[Excerpts from a dataset]

+---+

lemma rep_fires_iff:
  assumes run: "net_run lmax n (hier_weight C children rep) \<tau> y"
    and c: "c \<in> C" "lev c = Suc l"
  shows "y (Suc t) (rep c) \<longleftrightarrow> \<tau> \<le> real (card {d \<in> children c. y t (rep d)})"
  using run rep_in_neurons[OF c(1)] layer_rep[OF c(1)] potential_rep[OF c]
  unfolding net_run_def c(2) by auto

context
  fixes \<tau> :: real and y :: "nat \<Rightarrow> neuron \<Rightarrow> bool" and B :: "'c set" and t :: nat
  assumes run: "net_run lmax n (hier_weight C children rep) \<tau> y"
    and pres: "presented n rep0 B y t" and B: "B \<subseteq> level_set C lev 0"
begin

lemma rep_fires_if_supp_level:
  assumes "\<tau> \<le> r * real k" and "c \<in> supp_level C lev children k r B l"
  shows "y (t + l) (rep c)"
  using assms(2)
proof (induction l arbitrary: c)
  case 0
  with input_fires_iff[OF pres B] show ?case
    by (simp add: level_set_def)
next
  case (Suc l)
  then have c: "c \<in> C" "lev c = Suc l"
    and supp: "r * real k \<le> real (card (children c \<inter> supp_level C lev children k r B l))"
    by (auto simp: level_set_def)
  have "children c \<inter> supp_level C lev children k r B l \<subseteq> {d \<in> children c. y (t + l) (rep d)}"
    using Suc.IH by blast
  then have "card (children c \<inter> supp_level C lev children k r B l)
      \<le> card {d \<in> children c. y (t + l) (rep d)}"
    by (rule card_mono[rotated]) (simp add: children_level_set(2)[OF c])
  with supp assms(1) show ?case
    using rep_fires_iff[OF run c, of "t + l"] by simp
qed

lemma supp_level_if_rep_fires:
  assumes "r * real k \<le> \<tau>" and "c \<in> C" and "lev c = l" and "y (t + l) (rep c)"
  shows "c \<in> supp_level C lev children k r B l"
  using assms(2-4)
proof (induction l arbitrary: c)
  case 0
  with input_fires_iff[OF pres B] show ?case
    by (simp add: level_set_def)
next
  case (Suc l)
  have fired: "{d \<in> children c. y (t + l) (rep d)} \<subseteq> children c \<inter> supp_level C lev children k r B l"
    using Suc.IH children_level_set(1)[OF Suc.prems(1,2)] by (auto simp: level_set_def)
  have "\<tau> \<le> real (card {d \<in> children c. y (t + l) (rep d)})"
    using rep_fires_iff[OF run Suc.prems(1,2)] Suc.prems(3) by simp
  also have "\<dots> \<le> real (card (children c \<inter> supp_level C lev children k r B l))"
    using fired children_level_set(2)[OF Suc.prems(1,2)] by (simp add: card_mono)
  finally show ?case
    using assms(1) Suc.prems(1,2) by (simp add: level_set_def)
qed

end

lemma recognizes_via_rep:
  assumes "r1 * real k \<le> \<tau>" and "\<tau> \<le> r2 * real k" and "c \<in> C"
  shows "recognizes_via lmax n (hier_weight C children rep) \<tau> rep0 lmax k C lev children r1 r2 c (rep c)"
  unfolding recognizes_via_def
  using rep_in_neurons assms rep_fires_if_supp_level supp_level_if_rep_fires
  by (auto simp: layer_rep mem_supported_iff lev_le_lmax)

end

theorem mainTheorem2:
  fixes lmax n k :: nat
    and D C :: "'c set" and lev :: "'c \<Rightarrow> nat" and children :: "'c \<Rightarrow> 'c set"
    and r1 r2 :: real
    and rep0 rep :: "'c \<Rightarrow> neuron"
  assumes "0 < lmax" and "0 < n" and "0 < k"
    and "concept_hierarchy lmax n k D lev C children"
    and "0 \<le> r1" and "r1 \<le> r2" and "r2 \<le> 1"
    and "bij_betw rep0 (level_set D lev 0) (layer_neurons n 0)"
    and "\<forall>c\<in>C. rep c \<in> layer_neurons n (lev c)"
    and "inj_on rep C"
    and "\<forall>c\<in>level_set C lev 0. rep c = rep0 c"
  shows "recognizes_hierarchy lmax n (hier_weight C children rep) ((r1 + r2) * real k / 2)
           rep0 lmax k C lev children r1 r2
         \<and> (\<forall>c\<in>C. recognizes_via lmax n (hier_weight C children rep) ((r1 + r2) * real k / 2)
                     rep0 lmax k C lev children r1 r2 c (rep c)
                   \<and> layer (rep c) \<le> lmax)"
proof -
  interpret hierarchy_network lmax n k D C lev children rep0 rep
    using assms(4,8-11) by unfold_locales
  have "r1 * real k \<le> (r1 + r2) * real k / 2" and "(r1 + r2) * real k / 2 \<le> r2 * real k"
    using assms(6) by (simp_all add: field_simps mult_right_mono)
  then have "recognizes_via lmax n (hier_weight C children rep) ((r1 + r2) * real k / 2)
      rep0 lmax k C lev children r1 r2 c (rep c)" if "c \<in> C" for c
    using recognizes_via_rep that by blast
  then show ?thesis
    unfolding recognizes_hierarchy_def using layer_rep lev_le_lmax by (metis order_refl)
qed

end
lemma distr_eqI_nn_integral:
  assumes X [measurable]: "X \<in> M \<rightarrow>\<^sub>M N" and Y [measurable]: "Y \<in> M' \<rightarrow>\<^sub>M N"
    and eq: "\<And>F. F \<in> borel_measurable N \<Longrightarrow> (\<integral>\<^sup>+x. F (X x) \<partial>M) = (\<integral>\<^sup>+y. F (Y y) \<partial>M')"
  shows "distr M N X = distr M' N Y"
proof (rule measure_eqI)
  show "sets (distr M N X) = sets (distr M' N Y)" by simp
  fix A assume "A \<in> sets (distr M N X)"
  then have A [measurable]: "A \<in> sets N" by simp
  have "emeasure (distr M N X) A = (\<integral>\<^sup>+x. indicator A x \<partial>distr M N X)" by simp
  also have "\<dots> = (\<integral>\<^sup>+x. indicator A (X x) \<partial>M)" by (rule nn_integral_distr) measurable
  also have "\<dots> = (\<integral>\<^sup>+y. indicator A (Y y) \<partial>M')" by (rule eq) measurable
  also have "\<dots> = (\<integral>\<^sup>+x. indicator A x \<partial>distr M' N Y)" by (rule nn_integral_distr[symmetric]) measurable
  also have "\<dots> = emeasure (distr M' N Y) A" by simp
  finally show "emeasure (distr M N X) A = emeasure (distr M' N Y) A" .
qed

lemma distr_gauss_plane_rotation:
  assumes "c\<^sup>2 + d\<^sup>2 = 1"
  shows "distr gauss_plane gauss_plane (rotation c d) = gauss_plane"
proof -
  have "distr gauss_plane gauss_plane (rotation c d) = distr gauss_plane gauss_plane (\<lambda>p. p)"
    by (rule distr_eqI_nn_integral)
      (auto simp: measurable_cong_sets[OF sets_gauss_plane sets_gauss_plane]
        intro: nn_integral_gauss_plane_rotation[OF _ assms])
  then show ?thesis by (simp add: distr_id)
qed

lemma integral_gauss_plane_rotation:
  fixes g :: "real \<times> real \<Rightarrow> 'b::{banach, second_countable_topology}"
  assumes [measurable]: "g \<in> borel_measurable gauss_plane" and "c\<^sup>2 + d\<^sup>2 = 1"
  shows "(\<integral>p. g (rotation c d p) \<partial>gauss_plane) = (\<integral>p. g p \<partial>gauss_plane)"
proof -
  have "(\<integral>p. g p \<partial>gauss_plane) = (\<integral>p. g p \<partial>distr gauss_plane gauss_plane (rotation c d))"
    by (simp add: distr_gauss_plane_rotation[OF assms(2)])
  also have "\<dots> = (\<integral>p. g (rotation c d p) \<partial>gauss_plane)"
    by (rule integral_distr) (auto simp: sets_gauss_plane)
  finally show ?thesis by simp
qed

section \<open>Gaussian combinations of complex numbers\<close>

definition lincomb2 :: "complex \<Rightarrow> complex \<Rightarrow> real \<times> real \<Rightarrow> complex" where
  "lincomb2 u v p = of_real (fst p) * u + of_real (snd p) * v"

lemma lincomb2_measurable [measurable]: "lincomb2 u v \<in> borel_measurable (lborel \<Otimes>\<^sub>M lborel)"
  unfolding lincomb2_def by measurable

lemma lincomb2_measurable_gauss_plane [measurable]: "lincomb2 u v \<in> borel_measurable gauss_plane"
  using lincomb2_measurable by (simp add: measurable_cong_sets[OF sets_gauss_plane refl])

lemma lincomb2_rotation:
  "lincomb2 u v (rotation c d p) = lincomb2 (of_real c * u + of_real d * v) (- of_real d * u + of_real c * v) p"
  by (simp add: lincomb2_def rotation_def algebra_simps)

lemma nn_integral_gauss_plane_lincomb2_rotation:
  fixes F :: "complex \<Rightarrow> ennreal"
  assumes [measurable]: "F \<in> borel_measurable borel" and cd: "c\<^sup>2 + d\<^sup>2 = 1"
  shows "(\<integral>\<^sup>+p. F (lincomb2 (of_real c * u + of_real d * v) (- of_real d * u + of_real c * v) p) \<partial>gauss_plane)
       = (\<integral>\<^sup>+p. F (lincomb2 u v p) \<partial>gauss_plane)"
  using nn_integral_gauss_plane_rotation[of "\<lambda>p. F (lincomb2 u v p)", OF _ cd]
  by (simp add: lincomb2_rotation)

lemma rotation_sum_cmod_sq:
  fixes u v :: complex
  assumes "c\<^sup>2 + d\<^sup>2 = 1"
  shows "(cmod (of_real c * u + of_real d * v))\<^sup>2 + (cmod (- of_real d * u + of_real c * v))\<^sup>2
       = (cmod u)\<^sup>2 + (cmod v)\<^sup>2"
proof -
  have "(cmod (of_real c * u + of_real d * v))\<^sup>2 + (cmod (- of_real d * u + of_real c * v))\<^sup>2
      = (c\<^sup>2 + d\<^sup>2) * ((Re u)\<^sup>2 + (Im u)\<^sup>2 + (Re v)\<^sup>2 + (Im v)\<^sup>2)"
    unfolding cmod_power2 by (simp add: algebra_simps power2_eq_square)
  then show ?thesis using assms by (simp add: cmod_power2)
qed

+---+

## What you will do:
Within the entries, find all lines that contain "fired" and copy each one.

## Exercise solution:
  have fired: "{d \<in> children c. y (t + l) (rep d)} \<subseteq> children c \<inter> supp_level C lev children k r B l"
    using fired children_level_set(2)[OF Suc.prems(1,2)] by (simp add: card_mono)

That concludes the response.